BEGIN Material provided

(* Let $\Omega=(\alpha,\beta)\subset\mathbb{R}$ with a (not necessarily uniform) subdivision $\alpha=a_0<a_1<\dots<a_n=\beta$, intervals $\mathcal{I}_k=(a_{k-1},a_k)$ and $h_k=a_k-a_{k-1}$, $k=1,\dots,n$. Let $a(x,\eta,\xi)=A(x,\eta,\xi)\xi$ and $b(x,\eta)$ satisfy the standing assumptions listed in the context (with constants $\gamma_a>0$, $K_\eta>0$, $B_\eta\ge 0$). Consider either (M) the mixed problem: $\mathcal{V}$ is the space of continuous piecewise linear functions on the subdivision vanishing at $x=\beta$, and a given number $\psi(\alpha)\in\mathbb{R}$; a subsolution is $u_1\in\mathcal{V}$ with $\int_\Omega a(x,u_1,u_1')v'+b(x,u_1)v\,dx\le \psi(\alpha)v(\alpha)$ for all $v\in\mathcal{V}^+$, and a supersolution is $u_2\in\mathcal{V}$ with $\int_\Omega a(x,u_2,u_2')v'+b(x,u_2)v\,dx\ge \psi(\alpha)v(\alpha)$ for all $v\in\mathcal{V}^+$; or (D) the Dirichlet problem: $\mathcal{V}$ is the space of continuous piecewise linear functions on the subdivision vanishing at $x=\alpha$ and $x=\beta$; a subsolution (resp. supersolution) is $u_1\in\mathcal{V}$ (resp. $u_2\in\mathcal V$) with $\int_\Omega a(x,u_1,u_1')v'+b(x,u_1)v\,dx\le 0$ (resp. $\int_\Omega a(x,u_2,u_2')v'+b(x,u_2)v\,dx\ge 0$) for all $v\in\mathcal{V}^+$, where $\mathcal{V}^+=\{v\in\mathcal{V}: v\ge 0\}$. Let $u_1$ be a subsolution and $u_2$ a supersolution of the same problem. If $$\max_{1\le k\le n}\left\{|u_2(a_k)-u_2(a_{k-1})|+\frac{B_\eta}{K_\eta}h_k^2\right\}<\frac{2\gamma_a}{K_\eta},$$ then $u_1\le u_2$ in $\Omega$.
   Context: Standing assumptions (with $d=1$): $A:\Omega\times\mathbb{R}\times\mathbb{R}\to\mathbb{R}$ and $b:\Omega\times\mathbb{R}\to\mathbb{R}$, $a(x,\eta,\xi)=A(x,\eta,\xi)\xi$. The functions $a(x,\eta,\xi)$ and $b(x,\eta)$ are Carathéodory functions, $C^1$ in $(\eta,\xi)$ (resp. in $\eta$) for a.e. $x\in\Omega$ and measurable in $x$ for each fixed $(\eta,\xi)$ (resp. $\eta$). There are constants $\gamma_a>0$, $K_\eta>0$, $B_\eta\ge0$ such that for a.e. $x\in\Omega$ and all $\eta\in\mathbb{R}$, $\xi\in\mathbb{R}^d$, $\zeta\in\mathbb{R}^d$: $\sum_{i,j=1}^d \frac{\partial a_i}{\partial\xi_j}(x,\eta,\xi)\zeta_i\zeta_j\ge\gamma_a|\zeta|^2$ (where $a_i=A\xi_i$); $\left|\frac{\partial A}{\partial\eta}(x,\eta,\xi)\right|\le K_\eta$; and $0\le\frac{\partial b}{\partial\eta}(x,\eta)\le B_\eta$. *)

theory Defs
  imports "HOL-Analysis.Analysis"
begin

END Material provided

__What is needed__.
Repeat the material, keeping every word exactly as it is.

__Task answer__.
(* Let $\Omega=(\alpha,\beta)\subset\mathbb{R}$ with a (not necessarily uniform) subdivision $\alpha=a_0<a_1<\dots<a_n=\beta$, intervals $\mathcal{I}_k=(a_{k-1},a_k)$ and $h_k=a_k-a_{k-1}$, $k=1,\dots,n$. Let $a(x,\eta,\xi)=A(x,\eta,\xi)\xi$ and $b(x,\eta)$ satisfy the standing assumptions listed in the context (with constants $\gamma_a>0$, $K_\eta>0$, $B_\eta\ge 0$). Consider either (M) the mixed problem: $\mathcal{V}$ is the space of continuous piecewise linear functions on the subdivision vanishing at $x=\beta$, and a given number $\psi(\alpha)\in\mathbb{R}$; a subsolution is $u_1\in\mathcal{V}$ with $\int_\Omega a(x,u_1,u_1')v'+b(x,u_1)v\,dx\le \psi(\alpha)v(\alpha)$ for all $v\in\mathcal{V}^+$, and a supersolution is $u_2\in\mathcal{V}$ with $\int_\Omega a(x,u_2,u_2')v'+b(x,u_2)v\,dx\ge \psi(\alpha)v(\alpha)$ for all $v\in\mathcal{V}^+$; or (D) the Dirichlet problem: $\mathcal{V}$ is the space of continuous piecewise linear functions on the subdivision vanishing at $x=\alpha$ and $x=\beta$; a subsolution (resp. supersolution) is $u_1\in\mathcal{V}$ (resp. $u_2\in\mathcal V$) with $\int_\Omega a(x,u_1,u_1')v'+b(x,u_1)v\,dx\le 0$ (resp. $\int_\Omega a(x,u_2,u_2')v'+b(x,u_2)v\,dx\ge 0$) for all $v\in\mathcal{V}^+$, where $\mathcal{V}^+=\{v\in\mathcal{V}: v\ge 0\}$. Let $u_1$ be a subsolution and $u_2$ a supersolution of the same problem. If $$\max_{1\le k\le n}\left\{|u_2(a_k)-u_2(a_{k-1})|+\frac{B_\eta}{K_\eta}h_k^2\right\}<\frac{2\gamma_a}{K_\eta},$$ then $u_1\le u_2$ in $\Omega$.
   Context: Standing assumptions (with $d=1$): $A:\Omega\times\mathbb{R}\times\mathbb{R}\to\mathbb{R}$ and $b:\Omega\times\mathbb{R}\to\mathbb{R}$, $a(x,\eta,\xi)=A(x,\eta,\xi)\xi$. The functions $a(x,\eta,\xi)$ and $b(x,\eta)$ are Carathéodory functions, $C^1$ in $(\eta,\xi)$ (resp. in $\eta$) for a.e. $x\in\Omega$ and measurable in $x$ for each fixed $(\eta,\xi)$ (resp. $\eta$). There are constants $\gamma_a>0$, $K_\eta>0$, $B_\eta\ge0$ such that for a.e. $x\in\Omega$ and all $\eta\in\mathbb{R}$, $\xi\in\mathbb{R}^d$, $\zeta\in\mathbb{R}^d$: $\sum_{i,j=1}^d \frac{\partial a_i}{\partial\xi_j}(x,\eta,\xi)\zeta_i\zeta_j\ge\gamma_a|\zeta|^2$ (where $a_i=A\xi_i$); $\left|\frac{\partial A}{\partial\eta}(x,\eta,\xi)\right|\le K_\eta$; and $0\le\frac{\partial b}{\partial\eta}(x,\eta)\le B_\eta$. *)

theory Defs
  imports "HOL-Analysis.Analysis"
begin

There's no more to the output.